Unprecedented Estimated Loss Determination

This revolutionary change will involve all banks, credit unions and other entities that report under U.S. Generally Accepted Accounting Principles (GAAP) and that extend credit. It will require the reporting entity to make unprecedented and continual Estimated Loss determinations on Commercial and Industrial (C&I) portfolios, along with its other assets, over as long a time frame as the reporting entity expects to hold them. For banks, this will mean the life of the loan or the loan pool.

In most cases, larger banks will want to use a familiar formula in judging C&I obligors and pools: Estimated Loss = Probability of Default x Loss Given Default; or, EL = PD x LGDIf banks cannot make “reasonable and supportable forecasts” that meet CECL standards by using this formula or other approved default models, they will need to revert to the use of appropriate loan-loss statistics, which will impose an even heavier burden on the bank.

A Scalable Solution for Implementing CECL

Due to the extraordinary challenges that banks will have to meet under the new standard, Rapid Ratings has introduced a solution for meeting CECL’s requirements.  The Rapid Ratings CECL solution provides a quantitatively-derived Term Probability of Default series on tens of thousands of public and private non-financial companies in global coverage.  Term PDs are updated as often as each company reports publicly or directly to us and include yearly projections going out 10 years.

Addressing the Private Company Loan Universe

Rapid Ratings is unique in its offering of Term PDs for private companies – a much larger universe on which institutions will be required to report and where solutions are lacking.  Rapid Ratings calculates private company Term PDs using the exact same methodology and inputs as with public companies, providing the highest level of accuracy and consistency.  Due to the confidential nature of private company financials, our clients receive private ratings only on those companies on which they provide us with financials or we solicit on their behalf.
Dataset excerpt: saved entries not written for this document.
(* (i) A geometric sequent $\sigma$ over the signature of $\mathbb{L}_u$ is valid in all abelian $\ell$-groups with strong unit in $\mathbf{Set}$ if and only if it is provable in $\mathbb{L}_u$. (ii) For any family $\{\phi_i\}_{i\in I}$ of geometric sentences over the signature of $\mathbb{L}_u$, the sequent $\top\vdash\bigvee_{i\in I}\phi_i$ is provable in $\mathbb{L}_u$ (equivalently, every abelian $\ell$-group with strong unit in $\mathbf{Set}$ satisfies at least one $\phi_i$) if and only if there exists a finite subset $J\subseteq I$ such that $\top\vdash\bigvee_{i\in J}\phi_i$ is provable in $\mathbb{L}_u$ (equivalently, every abelian $\ell$-group with strong unit in $\mathbf{Set}$ satisfies at least one $\phi_i$ with $i\in J$).
   Context: $\mathbb{L}_u$ is the one-sorted geometric theory over the signature with function symbols $+,-,\sup,\inf$, relation symbol $\le$ and constants $0,u$, with axioms: $(+,-,0)$ is an abelian group; $\le$ is a partial order; $\inf,\sup$ are binary infimum and supremum; $x\le y\vdash_{x,y,t}t+x\le t+y$; $\top\vdash u\ge0$; $x\ge0\vdash_x\bigvee_{n\in\mathbb{N}}x\le nu$. Provability is in geometric logic (formulae built from atomic ones using finite conjunctions, arbitrary disjunctions and existential quantification). A geometric sentence is a geometric formula with no free variables. *)

theory Defs
  imports Main
begin

datatype trm = Var nat | Zero | U | Plus trm trm | Neg trm | Sup trm trm | Inf trm trm

text \<open>Geometric formulas; arbitrary disjunctions are indexed by subsets of the type 'i.
  Disj I F denotes the disjunction of the F i for i in I (empty I gives falsity).
  Ex binds the de Bruijn variable 0.\<close>
datatype 'i fm = Eq trm trm | Le trm trm | Top | Conj "'i fm" "'i fm"
  | Disj "'i set" "'i \<Rightarrow> 'i fm" | Ex "'i fm"

primrec trm_subst :: "(nat \<Rightarrow> trm) \<Rightarrow> trm \<Rightarrow> trm" where
  "trm_subst s (Var n) = s n"
| "trm_subst s Zero = Zero"
| "trm_subst s U = U"
| "trm_subst s (Plus a b) = Plus (trm_subst s a) (trm_subst s b)"
| "trm_subst s (Neg a) = Neg (trm_subst s a)"
| "trm_subst s (Sup a b) = Sup (trm_subst s a) (trm_subst s b)"
| "trm_subst s (Inf a b) = Inf (trm_subst s a) (trm_subst s b)"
Quantitatively-Derived Financial Health Ratings

Our Financial Health Ratings (FHRs®) are based exclusively on proven metrics using the company’s income, cash flow, and balance sheet statements. We use 22 separate, industry-specific models on non-financials, without size or geographic bias, thus differentiating Rapid Ratings from other providers that use country-specific, industry-agnostic models on private companies.  Additionally, our firm takes no ratings fees or guidance from any company in coverage to ensure complete objectivity. The quantitative and objective nature of our ratings makes implementing CECL scalable to any C&I loan book. Our PD offering will make it easy for small and mid-sized banks, as well as larger banks, to be able to implement the PD x LGD model on C&I portfolios of any description.